__RECORDS FOR THIS TASK__
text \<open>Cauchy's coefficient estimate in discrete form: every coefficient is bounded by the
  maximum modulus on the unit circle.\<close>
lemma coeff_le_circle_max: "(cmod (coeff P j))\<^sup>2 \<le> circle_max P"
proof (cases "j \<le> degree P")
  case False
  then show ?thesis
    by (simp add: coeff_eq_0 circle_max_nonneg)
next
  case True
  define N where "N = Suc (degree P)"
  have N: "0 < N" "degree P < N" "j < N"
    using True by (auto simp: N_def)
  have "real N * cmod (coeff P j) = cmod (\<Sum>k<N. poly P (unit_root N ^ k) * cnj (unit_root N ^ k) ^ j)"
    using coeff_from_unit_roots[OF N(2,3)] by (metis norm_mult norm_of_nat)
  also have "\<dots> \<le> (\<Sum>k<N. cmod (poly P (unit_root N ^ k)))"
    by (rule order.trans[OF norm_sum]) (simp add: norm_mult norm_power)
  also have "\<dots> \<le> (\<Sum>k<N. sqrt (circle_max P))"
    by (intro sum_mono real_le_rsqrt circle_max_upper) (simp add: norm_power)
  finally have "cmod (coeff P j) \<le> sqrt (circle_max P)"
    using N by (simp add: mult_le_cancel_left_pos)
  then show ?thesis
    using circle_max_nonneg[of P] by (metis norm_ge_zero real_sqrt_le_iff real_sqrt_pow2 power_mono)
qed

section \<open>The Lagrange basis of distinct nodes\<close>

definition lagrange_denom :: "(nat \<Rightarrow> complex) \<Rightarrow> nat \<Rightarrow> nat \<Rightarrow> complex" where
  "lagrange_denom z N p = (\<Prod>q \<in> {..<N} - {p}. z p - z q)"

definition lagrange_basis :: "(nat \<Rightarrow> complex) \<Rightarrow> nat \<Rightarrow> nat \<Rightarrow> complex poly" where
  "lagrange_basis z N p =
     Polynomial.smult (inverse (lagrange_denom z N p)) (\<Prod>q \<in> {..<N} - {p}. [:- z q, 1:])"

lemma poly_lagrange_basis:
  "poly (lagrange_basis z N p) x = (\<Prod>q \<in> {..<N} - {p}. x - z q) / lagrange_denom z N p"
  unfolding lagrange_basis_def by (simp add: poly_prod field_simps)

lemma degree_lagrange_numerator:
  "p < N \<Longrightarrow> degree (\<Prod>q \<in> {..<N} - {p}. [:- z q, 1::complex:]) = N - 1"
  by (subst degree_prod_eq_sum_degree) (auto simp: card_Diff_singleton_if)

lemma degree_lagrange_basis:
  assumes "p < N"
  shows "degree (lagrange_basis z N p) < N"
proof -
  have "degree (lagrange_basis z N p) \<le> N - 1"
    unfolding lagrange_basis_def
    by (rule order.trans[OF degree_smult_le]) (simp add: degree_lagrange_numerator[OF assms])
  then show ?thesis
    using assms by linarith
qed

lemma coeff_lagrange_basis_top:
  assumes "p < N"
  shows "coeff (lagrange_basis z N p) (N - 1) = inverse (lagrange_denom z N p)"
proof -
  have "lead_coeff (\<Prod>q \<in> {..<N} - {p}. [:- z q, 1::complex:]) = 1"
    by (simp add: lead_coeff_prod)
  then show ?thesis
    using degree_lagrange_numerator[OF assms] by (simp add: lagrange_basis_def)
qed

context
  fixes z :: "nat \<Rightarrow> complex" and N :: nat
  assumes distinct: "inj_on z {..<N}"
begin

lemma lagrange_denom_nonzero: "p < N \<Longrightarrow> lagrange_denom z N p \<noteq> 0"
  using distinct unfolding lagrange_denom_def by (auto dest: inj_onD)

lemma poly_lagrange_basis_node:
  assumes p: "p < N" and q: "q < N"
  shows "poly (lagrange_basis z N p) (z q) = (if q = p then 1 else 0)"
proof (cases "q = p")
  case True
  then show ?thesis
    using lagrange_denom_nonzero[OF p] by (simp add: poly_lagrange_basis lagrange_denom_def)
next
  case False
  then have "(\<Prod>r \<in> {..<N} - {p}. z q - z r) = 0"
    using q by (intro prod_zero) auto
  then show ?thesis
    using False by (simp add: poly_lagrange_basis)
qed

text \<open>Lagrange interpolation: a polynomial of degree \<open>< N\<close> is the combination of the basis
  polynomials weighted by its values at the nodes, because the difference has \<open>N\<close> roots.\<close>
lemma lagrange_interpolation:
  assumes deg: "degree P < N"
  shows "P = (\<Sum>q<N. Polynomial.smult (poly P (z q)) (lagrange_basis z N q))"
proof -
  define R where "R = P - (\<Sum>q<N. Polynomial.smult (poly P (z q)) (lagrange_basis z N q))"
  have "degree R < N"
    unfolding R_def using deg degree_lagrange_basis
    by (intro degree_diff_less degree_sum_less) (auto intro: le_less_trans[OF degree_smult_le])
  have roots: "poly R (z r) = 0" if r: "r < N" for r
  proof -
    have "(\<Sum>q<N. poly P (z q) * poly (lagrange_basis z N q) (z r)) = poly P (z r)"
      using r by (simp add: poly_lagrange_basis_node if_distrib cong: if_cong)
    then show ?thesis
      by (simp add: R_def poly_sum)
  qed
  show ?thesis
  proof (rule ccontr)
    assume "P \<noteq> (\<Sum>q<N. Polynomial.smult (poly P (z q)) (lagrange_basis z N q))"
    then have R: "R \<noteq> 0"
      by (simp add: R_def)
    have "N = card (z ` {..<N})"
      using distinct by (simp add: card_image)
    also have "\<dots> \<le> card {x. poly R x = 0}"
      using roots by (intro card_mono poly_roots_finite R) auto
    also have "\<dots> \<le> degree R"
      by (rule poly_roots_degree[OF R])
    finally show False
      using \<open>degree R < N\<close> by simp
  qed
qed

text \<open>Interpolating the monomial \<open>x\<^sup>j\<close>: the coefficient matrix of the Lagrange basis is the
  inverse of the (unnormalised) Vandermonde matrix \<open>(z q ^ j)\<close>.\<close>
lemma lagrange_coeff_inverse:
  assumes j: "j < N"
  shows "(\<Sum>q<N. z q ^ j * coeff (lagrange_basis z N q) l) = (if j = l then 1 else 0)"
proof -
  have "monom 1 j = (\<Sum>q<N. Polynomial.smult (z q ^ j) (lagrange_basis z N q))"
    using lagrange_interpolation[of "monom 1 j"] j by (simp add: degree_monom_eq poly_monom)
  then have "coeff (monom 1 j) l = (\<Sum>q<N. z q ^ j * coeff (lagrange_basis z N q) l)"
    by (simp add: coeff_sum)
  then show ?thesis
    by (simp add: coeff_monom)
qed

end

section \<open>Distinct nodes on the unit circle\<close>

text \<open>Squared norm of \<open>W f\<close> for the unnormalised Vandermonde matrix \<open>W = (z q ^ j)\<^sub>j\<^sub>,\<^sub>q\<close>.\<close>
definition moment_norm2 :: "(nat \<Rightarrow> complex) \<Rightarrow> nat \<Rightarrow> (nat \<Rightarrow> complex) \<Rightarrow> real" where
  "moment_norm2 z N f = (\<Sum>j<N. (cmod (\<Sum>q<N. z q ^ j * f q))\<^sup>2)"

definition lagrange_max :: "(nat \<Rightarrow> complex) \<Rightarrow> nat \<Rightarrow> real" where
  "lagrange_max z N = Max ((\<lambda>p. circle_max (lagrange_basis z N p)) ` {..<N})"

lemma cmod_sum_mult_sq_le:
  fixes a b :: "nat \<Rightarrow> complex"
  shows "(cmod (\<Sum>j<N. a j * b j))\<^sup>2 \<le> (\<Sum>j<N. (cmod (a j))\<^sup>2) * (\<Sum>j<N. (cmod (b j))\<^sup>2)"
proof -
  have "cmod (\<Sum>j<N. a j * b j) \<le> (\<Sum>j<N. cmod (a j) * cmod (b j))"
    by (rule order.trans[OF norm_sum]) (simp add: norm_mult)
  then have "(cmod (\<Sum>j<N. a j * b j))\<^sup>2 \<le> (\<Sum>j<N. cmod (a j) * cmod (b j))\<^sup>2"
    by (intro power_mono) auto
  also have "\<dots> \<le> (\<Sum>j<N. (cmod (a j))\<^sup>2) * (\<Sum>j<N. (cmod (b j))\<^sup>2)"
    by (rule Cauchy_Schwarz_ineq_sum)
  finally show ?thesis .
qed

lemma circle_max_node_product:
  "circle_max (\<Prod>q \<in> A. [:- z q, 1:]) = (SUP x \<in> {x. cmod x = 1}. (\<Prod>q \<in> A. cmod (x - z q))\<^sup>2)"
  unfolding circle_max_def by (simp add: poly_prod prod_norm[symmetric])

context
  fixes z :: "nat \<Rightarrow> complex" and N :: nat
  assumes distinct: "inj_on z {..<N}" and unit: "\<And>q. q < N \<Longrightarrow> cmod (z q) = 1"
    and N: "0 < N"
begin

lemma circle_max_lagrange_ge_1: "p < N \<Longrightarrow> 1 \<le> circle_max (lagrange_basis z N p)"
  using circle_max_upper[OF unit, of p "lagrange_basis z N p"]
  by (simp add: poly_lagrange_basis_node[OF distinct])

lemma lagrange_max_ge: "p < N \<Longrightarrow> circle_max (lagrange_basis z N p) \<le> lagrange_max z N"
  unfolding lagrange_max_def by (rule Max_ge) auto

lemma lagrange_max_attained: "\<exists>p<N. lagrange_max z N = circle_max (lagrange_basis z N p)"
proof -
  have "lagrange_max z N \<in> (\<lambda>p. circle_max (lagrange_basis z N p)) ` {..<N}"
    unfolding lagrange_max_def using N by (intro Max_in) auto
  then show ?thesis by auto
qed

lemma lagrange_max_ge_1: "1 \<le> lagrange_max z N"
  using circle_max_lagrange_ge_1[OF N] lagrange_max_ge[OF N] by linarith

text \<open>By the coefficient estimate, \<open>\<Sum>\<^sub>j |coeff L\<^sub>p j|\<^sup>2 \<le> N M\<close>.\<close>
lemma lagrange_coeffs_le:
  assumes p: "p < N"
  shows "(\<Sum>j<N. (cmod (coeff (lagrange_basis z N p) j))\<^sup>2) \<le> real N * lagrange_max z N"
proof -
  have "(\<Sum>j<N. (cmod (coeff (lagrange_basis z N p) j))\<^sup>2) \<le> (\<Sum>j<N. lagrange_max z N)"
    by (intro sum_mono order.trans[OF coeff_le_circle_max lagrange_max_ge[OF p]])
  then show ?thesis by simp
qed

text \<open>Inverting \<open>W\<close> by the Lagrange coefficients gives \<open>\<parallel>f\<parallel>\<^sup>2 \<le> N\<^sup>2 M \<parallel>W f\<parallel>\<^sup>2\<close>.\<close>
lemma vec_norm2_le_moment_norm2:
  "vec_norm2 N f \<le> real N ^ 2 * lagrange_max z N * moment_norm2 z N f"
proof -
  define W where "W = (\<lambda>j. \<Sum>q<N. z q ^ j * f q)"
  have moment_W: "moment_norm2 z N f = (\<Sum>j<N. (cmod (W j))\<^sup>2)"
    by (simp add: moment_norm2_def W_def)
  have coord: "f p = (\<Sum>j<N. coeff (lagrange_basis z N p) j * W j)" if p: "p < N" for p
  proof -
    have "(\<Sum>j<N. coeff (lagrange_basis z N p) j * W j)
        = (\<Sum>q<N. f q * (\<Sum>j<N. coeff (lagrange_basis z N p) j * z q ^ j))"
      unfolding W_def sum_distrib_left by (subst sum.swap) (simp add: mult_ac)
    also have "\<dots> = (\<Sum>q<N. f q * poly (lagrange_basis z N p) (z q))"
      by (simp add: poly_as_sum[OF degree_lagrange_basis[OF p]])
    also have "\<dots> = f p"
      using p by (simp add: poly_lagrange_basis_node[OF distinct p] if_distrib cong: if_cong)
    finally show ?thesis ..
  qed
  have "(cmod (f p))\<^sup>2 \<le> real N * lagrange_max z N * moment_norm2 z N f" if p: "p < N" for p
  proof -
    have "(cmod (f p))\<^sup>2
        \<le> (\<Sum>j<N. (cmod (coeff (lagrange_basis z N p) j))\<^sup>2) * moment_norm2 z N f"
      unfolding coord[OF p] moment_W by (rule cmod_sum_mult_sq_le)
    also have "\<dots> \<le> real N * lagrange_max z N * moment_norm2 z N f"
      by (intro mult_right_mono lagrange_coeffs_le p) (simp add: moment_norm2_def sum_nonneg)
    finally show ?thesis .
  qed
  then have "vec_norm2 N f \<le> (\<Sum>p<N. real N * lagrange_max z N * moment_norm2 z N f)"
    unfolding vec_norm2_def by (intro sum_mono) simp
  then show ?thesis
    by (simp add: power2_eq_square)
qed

__WHAT THE TASK ASKS__
The lines above from the one with "N p) \<le> N" through the one with "by (simp add: lead_coeff_prod)" are to be duplicated exactly, ends included, with nothing added.

__WRITTEN REPLY__
  have "degree (lagrange_basis z N p) \<le> N - 1"
    unfolding lagrange_basis_def
    by (rule order.trans[OF degree_smult_le]) (simp add: degree_lagrange_numerator[OF assms])
  then show ?thesis
    using assms by linarith
qed

lemma coeff_lagrange_basis_top:
  assumes "p < N"
  shows "coeff (lagrange_basis z N p) (N - 1) = inverse (lagrange_denom z N p)"
proof -
  have "lead_coeff (\<Prod>q \<in> {..<N} - {p}. [:- z q, 1::complex:]) = 1"
    by (simp add: lead_coeff_prod)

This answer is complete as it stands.